Neeraj Arora, founder of social media platform HalloApp, was the chief business officer at WhatsApp in 2014 when they negotiated their mammoth $14 billion sale to Meta, then known as Facebook. On Twitter, Arora says of the deal, “I am not the only one who regrets that it became part of Facebook when it did.”

Arora traces the origin of the deal back to 2012, and talks about how the WhatsApp team refused to even entertain an offer until it became clear that Mark Zuckerberg and Facebook seemed to believe in their ideals for encryption and user experience.

This included perks such as, “full support for end-to-end encryption, No ads (ever), complete independence on product decisions, Board seat for [co-founder] Jan Koum” and more.

This “partnership” with Facebook got off to a great start, as the negotiating team agreed to stay away from mining user data, ads, and agreeing to no cross-platform tracking. Arora and the WhatsApp team believed them, and moved forward with the deal.

But by 2017 and 2018, it seemed clear that Facebook was looking for work arounds, and pushing co-founders Jan Koum and Brian Acton to accept different forms of advertising, data mining and cross-platform tracking.

Acton felt so cornered by Facebook and Zuckerberg that he eventually left the company. As the social media giant started to feel the heat as a result of the Cambridge Analytica scandal after 2016, Acton came out with an unambiguous tweet that resonated across the social media industry. “It is time. #deletefacebook,” he said.

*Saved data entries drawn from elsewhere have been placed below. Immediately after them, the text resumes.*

text \<open>The midpoint of a long block \<open>U\<close> of \<open>\<beta>\<close> is far from \<open>Cset \<gamma>\<close>, hence lies in a block \<open>V\<close>
  of \<open>\<gamma>\<close>; the endpoints of \<open>V\<close> are close to \<open>Cset \<beta>\<close> and the endpoints of \<open>U\<close> are close to
  \<open>Cset \<gamma>\<close>, which pins them together.\<close>
lemma dH_less_imp_matching_block:
  assumes \<beta>: "\<beta> \<in> IH" and \<gamma>: "\<gamma> \<in> IH" and U: "U \<in> \<beta>"
    and long: "2 * d < Leb U" and less: "dH \<beta> \<gamma> < d"
  shows "\<exists>V\<in>\<gamma>. \<bar>fst V - fst U\<bar> < d \<and> \<bar>snd V - snd U\<bar> < d"
proof -
  have near\<gamma>: "\<exists>y\<in>Cset \<gamma>. \<bar>x - y\<bar> < d" if "x \<in> Cset \<beta>" for x
    using dH_less_imp_near[OF \<beta> \<gamma> less that] .
  have near\<beta>: "\<exists>x\<in>Cset \<beta>. \<bar>x - y\<bar> < d" if "y \<in> Cset \<gamma>" for y
    using dH_less_imp_near[OF \<gamma> \<beta> _ that] less by (metis dH_sym abs_minus_commute)
  note interior_free = Cset_avoids_block_interior[where \<gamma> = \<gamma> and d = d, OF U near\<beta>]
  define m where "m = (fst U + snd U) / 2"
  have m: "fst U + d < m" "m < snd U - d"
    using long by (simp_all add: m_def Leb_def field_simps)
  obtain z where "z \<in> Cset \<gamma>" "\<bar>IP_norm \<beta> - z\<bar> < d"
    using near\<gamma>[OF IH_norm_in_Cset[OF \<beta>]] by blast
  then have "m \<le> IP_norm \<gamma>"
    using IH_block(3)[OF \<beta> U] m by (auto simp: Cset_iff abs_less_iff)
  moreover have "0 \<le> m"
    using IH_block(1,2)[OF \<beta> U] by (simp add: m_def)
  ultimately obtain V where V: "V \<in> \<gamma>" "fst V < m" "m < snd V"
    using interior_free[where z = m] m by (auto simp: Cset_iff block_set_def)
  have V_ends: "fst V \<in> Cset \<gamma>" "snd V \<in> Cset \<gamma>"
    using IH_block_ends_in_Cset[OF \<gamma> V(1)] by auto
  have inside_V: "y \<notin> Cset \<gamma>" if "fst V < y" "y < snd V" for y
    using V(1) that by (auto simp: Cset_iff block_set_def)
  have "fst V < fst U + d"
    using interior_free[where z = "fst V"] V_ends(1) V(2) m by force
  moreover have "snd U - d < snd V"
    using interior_free[where z = "snd V"] V_ends(2) V(3) m by force
  moreover have "fst U - d < fst V"
  proof (rule ccontr)
    assume "\<not> fst U - d < fst V"
    moreover obtain y where "y \<in> Cset \<gamma>" "\<bar>fst U - y\<bar> < d"
      using near\<gamma>[OF IH_block_ends_in_Cset(1)[OF \<beta> U]] by blast
    ultimately show False
      using inside_V V(3) m by (auto simp: abs_less_iff)
  qed
  moreover have "snd V < snd U + d"
  proof (rule ccontr)
    assume "\<not> snd V < snd U + d"
    moreover obtain y where "y \<in> Cset \<gamma>" "\<bar>snd U - y\<bar> < d"
      using near\<gamma>[OF IH_block_ends_in_Cset(2)[OF \<beta> U]] by blast
    ultimately show False
      using inside_V V(2) m by (auto simp: abs_less_iff)
  qed
  ultimately have "\<bar>fst V - fst U\<bar> < d \<and> \<bar>snd V - snd U\<bar> < d"
    by (simp add: abs_less_iff)
  with V(1) show ?thesis
    by blast
qed
(* Let $x=(x_1,\dots,x_5)\in\mathbb{Z}_{\ge 0}^5$ and let $y=(y_1,\dots,y_5)$ be obtained from $x$ by a move of the exact $(5,2)$ nim, i.e. there are two distinct indices $a\neq b$ with $y_a<x_a$, $y_b<x_b$, and $y_c=x_c$ for all $c\notin\{a,b\}$. Suppose the move changes the leader, i.e. there is an index $i\in\{a,b\}$ with $x_i=\max_{1\le c\le 5}x_c$ and $y_i<\max_{1\le c\le 5}y_c$. Then it is not the case that both $\hat x$ and $\hat y$ are P-positions of Moore's nim $(4,\le 2)$. In other words, there is no move in the exact $(5,2)$ nim from a $*P$ position to a $*P$ position that changes the leader.
   Context: Positions of the exact $(5,2)$ nim are vectors of $5$ nonnegative integers (pile sizes); a move consists of choosing exactly two piles and removing a positive number of stones from each of them. For a position $z\in\mathbb{Z}_{\ge0}^5$, the reduced position $\hat z\in\mathbb{Z}_{\ge0}^4$ is the multiset of pile sizes obtained from $z$ by deleting one copy of its maximum pile (the "leader"); equivalently, if $z$ is sorted as $z_{(1)}\le\dots\le z_{(5)}$, then $\hat z=(z_{(1)},z_{(2)},z_{(3)},z_{(4)})$. Moore's nim $(4,\le 2)$ is played on $4$ piles, a move removing a positive number of stones from at least one and at most two piles; the player unable to move loses. A position $w=(w_1,\dots,w_4)$ of it is a P-position iff for every bit position $j\ge 0$ the number of indices $r\in\{1,2,3,4\}$ whose $j$-th binary digit of $w_r$ equals $1$ is divisible by $3$ (i.e. equals $0$ or $3$). A position $z$ of the exact $(5,2)$ nim is called $*P$ if $\hat z$ is a P-position of Moore's nim $(4,\le 2)$. *)

theory Defs
  imports Main
begin

text \<open>Positions of exact (5,2) nim are lists of 5 natural numbers (indices 0..4).
  The reduced position deletes one copy of the maximum pile (the leader).\<close>

definition reduced :: "nat list \<Rightarrow> nat list" where
  "reduced z = remove1 (Max (set z)) z"

definition moore_P :: "nat list \<Rightarrow> bool" where
  "moore_P w \<longleftrightarrow> length w = 4 \<and>
     (\<forall>j. 3 dvd card {r. r < 4 \<and> bit (w ! r) j})"

definition starP :: "nat list \<Rightarrow> bool" where
  "starP z \<longleftrightarrow> moore_P (reduced z)"

end

theory Submission
  imports Defs "HOL-Library.Multiset"
begin

text \<open>Let \<open>Z\<close> be the three piles left alone by the move. Say \<open>i = a\<close>; since \<open>x\<^sub>a\<close> is the leader of \<open>x\<close>,
  the reduced position of \<open>x\<close> is \<open>Z + {x\<^sub>b}\<close>. The leader \<open>M\<close> of \<open>y\<close> is not \<open>y\<^sub>a\<close>, so
  either \<open>M = y\<^sub>b\<close> and the reduced position of \<open>y\<close> is \<open>Z + {y\<^sub>a}\<close>, or \<open>Z = Z' + {M}\<close> and the
  reduced positions are \<open>Z' + {M, x\<^sub>b}\<close> and \<open>Z' + {y\<^sub>a, y\<^sub>b}\<close>. Since \<open>y\<^sub>a < M\<close> and
  \<open>y\<^sub>b < x\<^sub>b\<close>, in both cases a move of Moore's nim \<open>(4, \<le> 2)\<close> leads from one
  reduced position to the other. Such a move never joins two P-positions: at the highest bit
  where some lowered pile changes, the number of ones drops by one or two.\<close>

definition bit_count :: "nat multiset \<Rightarrow> nat \<Rightarrow> nat" where
  "bit_count A j = size (filter_mset (\<lambda>v. bit v j) A)"

text \<open>P-positions of Moore's nim in which a move lowers at most \<open>k\<close> piles.\<close>

definition moore_nim_P :: "nat \<Rightarrow> nat multiset \<Rightarrow> bool" where
  "moore_nim_P k A \<longleftrightarrow> (\<forall>j. Suc k dvd bit_count A j)"

lemma bit_count_union [simp]: "bit_count (A + B) j = bit_count A j + bit_count B j"
  by (simp add: bit_count_def)

lemma bit_count_le_size: "bit_count A j \<le> size A"
  by (simp add: bit_count_def)

lemma bit_count_mset: "bit_count (mset w) j = card {r. r < length w \<and> bit (w ! r) j}"
  unfolding bit_count_def by (simp flip: mset_filter add: length_filter_conv_card)

lemma moore_P_iff_moore_nim_P: "moore_P w \<longleftrightarrow> length w = 4 \<and> moore_nim_P 2 (mset w)"
  by (auto simp: moore_P_def moore_nim_P_def bit_count_mset)

lemma starP_iff_moore_nim_P:
  assumes "length z = 5"
  shows "starP z \<longleftrightarrow> moore_nim_P 2 (mset z - {#Max (set z)#})"
proof -
  have "Max (set z) \<in> set z"
    using assms by (intro Max_in) auto
  then show ?thesis
    using assms by (simp add: starP_def reduced_def moore_P_iff_moore_nim_P length_remove1)
qed

lemma bit_le_of_div_eq:
  fixes u v :: nat
  assumes "v \<le> u" and "u div 2 ^ Suc j = v div 2 ^ Suc j"
  shows "bit v j \<longrightarrow> bit u j"
    and "u div 2 ^ j \<noteq> v div 2 ^ j \<Longrightarrow> bit u j \<and> \<not> bit v j"
proof -
  define p q where "p = u div 2 ^ j" and "q = v div 2 ^ j"
  have "q \<le> p"
    using assms(1) by (simp add: p_def q_def div_le_mono)
  moreover have "p div 2 = q div 2"
    using assms(2) by (simp only: p_def q_def power_Suc2 div_mult2_eq)
  ultimately have "odd q \<longrightarrow> odd p" and "p \<noteq> q \<Longrightarrow> odd p \<and> even q"
    by presburger+
  then show "bit v j \<longrightarrow> bit u j" and "u div 2 ^ j \<noteq> v div 2 ^ j \<Longrightarrow> bit u j \<and> \<not> bit v j"
    by (simp_all add: bit_iff_odd p_def q_def)
qed

lemma exists_bit_dominated:
  fixes P :: "(nat \<times> nat) multiset"
  assumes le: "\<forall>(u, v) \<in># P. v \<le> u" and ne: "\<exists>(u, v) \<in># P. v \<noteq> u"
  shows "\<exists>j. (\<forall>(u, v) \<in># P. bit v j \<longrightarrow> bit u j) \<and> (\<exists>(u, v) \<in># P. bit u j \<and> \<not> bit v j)"
proof -
  define agree where "agree m \<longleftrightarrow> (\<forall>(u, v) \<in># P. u div 2 ^ m = v div 2 ^ m)" for m
  define N where "N = Max (fst ` set_mset P)"
  have "agree N"
    unfolding agree_def
  proof clarify
    fix u v assume uv: "(u, v) \<in># P"
    have "u \<le> N"
      unfolding N_def using uv by (intro Max_ge) force+
    moreover have "v \<le> u"
      using uv le by auto
    ultimately have "v < 2 ^ N" "u < 2 ^ N"
      using less_exp[of N] by linarith+
    then show "u div 2 ^ N = v div 2 ^ N"
      by simp
  qed
  moreover have "\<not> agree 0"
    using ne by (auto simp: agree_def)
  ultimately obtain j where j: "agree (Suc j)" "\<not> agree j"
    by (metis LeastI not_less_Least lessI not0_implies_Suc)
  have "\<forall>(u, v) \<in># P. bit v j \<longrightarrow> bit u j"
    using j(1) le bit_le_of_div_eq(1) by (fastforce simp: agree_def)
  moreover have "\<exists>(u, v) \<in># P. bit u j \<and> \<not> bit v j"
    using j le bit_le_of_div_eq(2) by (fastforce simp: agree_def)
  ultimately show ?thesis
    by blast
qed

lemma exists_bit_count_snd_less_fst:
  fixes P :: "(nat \<times> nat) multiset"
  assumes "\<forall>(u, v) \<in># P. v \<le> u" and "\<exists>(u, v) \<in># P. v \<noteq> u"
  shows "\<exists>j. bit_count (image_mset snd P) j < bit_count (image_mset fst P) j"
proof -
  obtain j where dom: "\<forall>(u, v) \<in># P. bit v j \<longrightarrow> bit u j"
    and strict: "\<exists>(u, v) \<in># P. bit u j \<and> \<not> bit v j"
    using exists_bit_dominated[OF assms] by blast
  let ?V = "filter_mset (\<lambda>p. bit (snd p) j) P" and ?U = "filter_mset (\<lambda>p. bit (fst p) j) P"
  have "?V \<subseteq># ?U"
    using dom by (intro filter_mset_mono_strong) auto
  moreover have "?V \<noteq> ?U"
  proof -
    from strict obtain u v where "(u, v) \<in># P" "bit u j" "\<not> bit v j"
      by blast
    then have "count ?V (u, v) \<noteq> count ?U (u, v)"
      by simp
    then show ?thesis
      by metis
  qed
  ultimately have "size ?V < size ?U"
    by (intro mset_subset_size) (simp add: subset_mset.less_le)
  then show ?thesis
    by (auto simp: bit_count_def filter_mset_image_mset)
qed

text \<open>A move is encoded as a multiset of (old, new) pile pairs; the piles \<open>C\<close> stay fixed.\<close>

lemma moore_nim_P_no_move_between:
  fixes P :: "(nat \<times> nat) multiset"
  assumes "size P \<le> k" and "\<forall>(u, v) \<in># P. v \<le> u" and "\<exists>(u, v) \<in># P. v \<noteq> u"
    and "moore_nim_P k (C + image_mset fst P)"
  shows "\<not> moore_nim_P k (C + image_mset snd P)"
proof
  assume P_after: "moore_nim_P k (C + image_mset snd P)"
  obtain j where less: "bit_count (image_mset snd P) j < bit_count (image_mset fst P) j"
    using exists_bit_count_snd_less_fst[OF assms(2,3)] by blast
  let ?c = "bit_count C j" and ?p = "bit_count (image_mset fst P) j"
    and ?q = "bit_count (image_mset snd P) j"
  have "Suc k dvd (?c + ?p) - (?c + ?q)"
    using assms(4) P_after by (intro dvd_diff_nat) (simp_all add: moore_nim_P_def)
  moreover have "0 < (?c + ?p) - (?c + ?q)" "(?c + ?p) - (?c + ?q) < Suc k"
    using less bit_count_le_size[of "image_mset fst P" j] assms(1) by simp_all
  ultimately show False
    using nat_dvd_not_less by blast
qed

lemma two_nth_subset_mset:
  assumes "a < length xs" and "b < length xs" and "a \<noteq> b"
  shows "{#xs ! a, xs ! b#} \<subseteq># mset xs"
proof -
  have "{a, b} \<subseteq> {i. i < length xs \<and> xs ! i = xs ! b}" if "xs ! a = xs ! b"
    using assms that by auto
  then have "xs ! a = xs ! b \<Longrightarrow> 2 \<le> count (mset xs) (xs ! b)"
    using assms(3) card_mono[of "{i. i < length xs \<and> xs ! i = xs ! b}" "{a, b}"]
    by (auto simp: count_mset count_list_eq_length_filter length_filter_conv_card eq_commute)
  then have "xs ! b \<in># mset xs - {#xs ! a#}"
    using assms(2) by (cases "xs ! a = xs ! b") (auto simp: in_diff_count)
  then show ?thesis
    using assms(1) by (simp add: insert_subset_eq_iff)
qed

lemma mset_list_update_add: "i < length xs \<Longrightarrow> mset (xs[i := v]) + {#xs ! i#} = mset xs + {#v#}"
  by (simp add: mset_update)

lemma mset_eq_outside_two_indices:
  assumes "length y = length x" and "a < length x" and "b < length x" and "a \<noteq> b"
    and "\<forall>c < length x. c \<noteq> a \<and> c \<noteq> b \<longrightarrow> y ! c = x ! c"
  obtains Z where "mset x = Z + {#x ! a, x ! b#}" and "mset y = Z + {#y ! a, y ! b#}"
proof
  define Z where "Z = mset x - {#x ! a, x ! b#}"
  show x: "mset x = Z + {#x ! a, x ! b#}"
    unfolding Z_def using two_nth_subset_mset[OF assms(2-4)] by (rule subset_mset.diff_add[symmetric])
  have "y = x[a := y ! a, b := y ! b]"
    using assms by (intro nth_equalityI) (auto simp: nth_list_update)
  then have "mset y + {#x ! b#} + {#x ! a#} = mset x + {#y ! a#} + {#y ! b#}"
    using mset_list_update_add[of b "x[a := y ! a]" "y ! b"] mset_list_update_add[of a x "y ! a"]
      assms(2-4) by (simp add: nth_list_update)
  then show "mset y = Z + {#y ! a, y ! b#}"
    by (subst (asm) x) (simp add: add_mset_commute)
qed

lemma leader_change_not_starP_to_starP:
  fixes x y :: "nat list" and a b :: nat
  assumes "length x = 5" and "length y = 5"
    and "a < 5" and "b < 5" and "a \<noteq> b"
    and "y ! b < x ! b"
    and "\<forall>c<5. c \<noteq> a \<and> c \<noteq> b \<longrightarrow> y ! c = x ! c"
    and "x ! a = Max (set x)" and "y ! a < Max (set y)"
    and "starP x"
  shows "\<not> starP y"
proof -
  obtain Z where Zx: "mset x = Z + {#x ! a, x ! b#}" and Zy: "mset y = Z + {#y ! a, y ! b#}"
    using mset_eq_outside_two_indices[of y x a b] assms(1-5,7) by auto
  let ?M = "Max (set y)"
  have P_x: "moore_nim_P 2 (add_mset (x ! b) Z)"
    using assms(10) Zx assms(8) by (simp add: starP_iff_moore_nim_P[OF assms(1)])
  have "?M \<in> set y"
    using assms(2) by (intro Max_in) auto
  then consider "?M = y ! b" | "?M \<in># Z"
    using Zy assms(9) by (auto simp flip: set_mset_mset)
  then show ?thesis
  proof cases
    case 1
    have "y ! a < x ! b"
      using assms(6,9) 1 by simp
    then have "\<not> moore_nim_P 2 (Z + image_mset snd {#(x ! b, y ! a)#})"
      using P_x by (intro moore_nim_P_no_move_between) auto
    then show ?thesis
      using Zy 1 by (simp add: starP_iff_moore_nim_P[OF assms(2)])
  next
    case 2
    then obtain Z' where Z': "Z = add_mset ?M Z'"
      by (metis insert_DiffM)
    have "\<not> moore_nim_P 2 (Z' + image_mset snd {#(?M, y ! a), (x ! b, y ! b)#})"
      using P_x Z' assms(6,9) by (intro moore_nim_P_no_move_between) (auto simp: add_mset_commute)
    then show ?thesis
      using Zy Z' by (simp add: starP_iff_moore_nim_P[OF assms(2)] add_mset_commute)
  qed
qed

theorem lemma11:
  fixes x y :: "nat list" and a b i :: nat
  assumes "length x = 5" and "length y = 5"
    and "a < 5" and "b < 5" and "a \<noteq> b"
    and "y ! a < x ! a" and "y ! b < x ! b"
    and "\<forall>c<5. c \<noteq> a \<and> c \<noteq> b \<longrightarrow> y ! c = x ! c"
    and "i = a \<or> i = b"
    and "x ! i = Max (set x)" and "y ! i < Max (set y)"
  shows "\<not> (starP x \<and> starP y)"
  using assms(9)
proof
  assume "i = a"
  then show ?thesis
    using leader_change_not_starP_to_starP[of x y a b] assms by blast
next
  assume "i = b"
  then show ?thesis
    using leader_change_not_starP_to_starP[of x y b a] assms by blast
qed

end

Arora continues by saying that WhatsApp is now the second-largest platform in Facebook, but “its a shadow of the product” that the original team tried to build. He says that no one at WhatsApp knew that Facebook would eventually become a gigantic “Frankenstein” of a company that “devoured user data and spat out dirty money.”

Arora ends with a simple plea. “In order for the Tech ecosystem to evolve, we need to talk about how perverse business models cause well-intentioned products, services, and ideas to go wrong,” he said. “And where we go from here.”